DATA EXCERPTS:
lemma packable_with_bottom_rectangle:
  assumes "finite L" "r \<in> L" "0 \<le> w r" "w r \<le> u" "0 \<le> h r" "h r \<le> v"
    and "steinberg_condition w h (L - {r}) u (v - h r) a b"
  shows "packable w h L u v"
proof -
  have "packable w h ({r} \<union> (L - {r})) u v"
  proof (rule packable_stacked)
    show "packable w h {r} u (h r)" using assms by (intro packable_singleton) auto
    show "packable w h (L - {r}) u (v - h r)"
      using assms by (intro packable_smaller[OF _ assms(7)] card_Diff1_less)
  qed (use assms in auto)
  with assms(2) show ?thesis by (simp add: insert_absorb)
qed

text \<open>The widest rectangle \<open>r\<close> is wider than \<open>u/2\<close> and fits under the tallest one:
  it goes to the bottom, and the rest still satisfies the condition in the remaining box.\<close>
lemma packable_widest_at_bottom:
  assumes cond: "steinberg_condition w h L u v (w r) (h t)" and r: "r \<in> L"
    and wide: "u \<le> 2 * w r" and fits: "h r + h t \<le> v"
  shows "packable w h L u v"
proof -
  from cond have fin: "finite L" and items: "\<forall>i\<in>L. 0 < w i \<and> 0 < h i \<and> w i \<le> w r \<and> h i \<le> h t"
    and "w r \<le> u" "h t \<le> v"
    and area_L: "2 * area w h L \<le> u * v - (2 * w r - u) * max 0 (2 * h t - v)"
    using wide unfolding steinberg_condition_def by (auto simp: max_absorb2)
  have hr: "0 < w r" "0 < h r" "h r \<le> h t" using items r by auto
  have "area w h L = w r * h r + area w h (L - {r})" using area_remove[OF fin r] .
  moreover have "(2 * w r - u) * max 0 (2 * h t - (v - h r))
      \<le> (2 * w r - u) * max 0 (2 * h t - v) + (2 * w r - u) * h r"
    using wide hr by (subst distrib_left[symmetric], intro mult_left_mono) auto
  ultimately have "2 * area w h (L - {r})
      \<le> u * (v - h r) - max 0 (2 * w r - u) * max 0 (2 * h t - (v - h r))"
    using area_L wide by (simp add: max_absorb2 algebra_simps)
  then have "steinberg_condition w h (L - {r}) u (v - h r) (w r) (h t)"
    using fin items fits \<open>w r \<le> u\<close> unfolding steinberg_condition_def by auto
  with fin r hr \<open>w r \<le> u\<close> fits show ?thesis
    by (intro packable_with_bottom_rectangle) (auto simp: less_imp_le)
qed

PROBLEM TO WORK ON: Nothing but the lines from the one with "area_remove[OF fin r] ." through the last line of the records above should be retyped, and those word for word.

ANSWER FOR THIS EXERCISE:
  have "area w h L = w r * h r + area w h (L - {r})" using area_remove[OF fin r] .
  moreover have "(2 * w r - u) * max 0 (2 * h t - (v - h r))
      \<le> (2 * w r - u) * max 0 (2 * h t - v) + (2 * w r - u) * h r"
    using wide hr by (subst distrib_left[symmetric], intro mult_left_mono) auto
  ultimately have "2 * area w h (L - {r})
      \<le> u * (v - h r) - max 0 (2 * w r - u) * max 0 (2 * h t - (v - h r))"
    using area_L wide by (simp add: max_absorb2 algebra_simps)
  then have "steinberg_condition w h (L - {r}) u (v - h r) (w r) (h t)"
    using fin items fits \<open>w r \<le> u\<close> unfolding steinberg_condition_def by auto
  with fin r hr \<open>w r \<le> u\<close> fits show ?thesis
    by (intro packable_with_bottom_rectangle) (auto simp: less_imp_le)
qed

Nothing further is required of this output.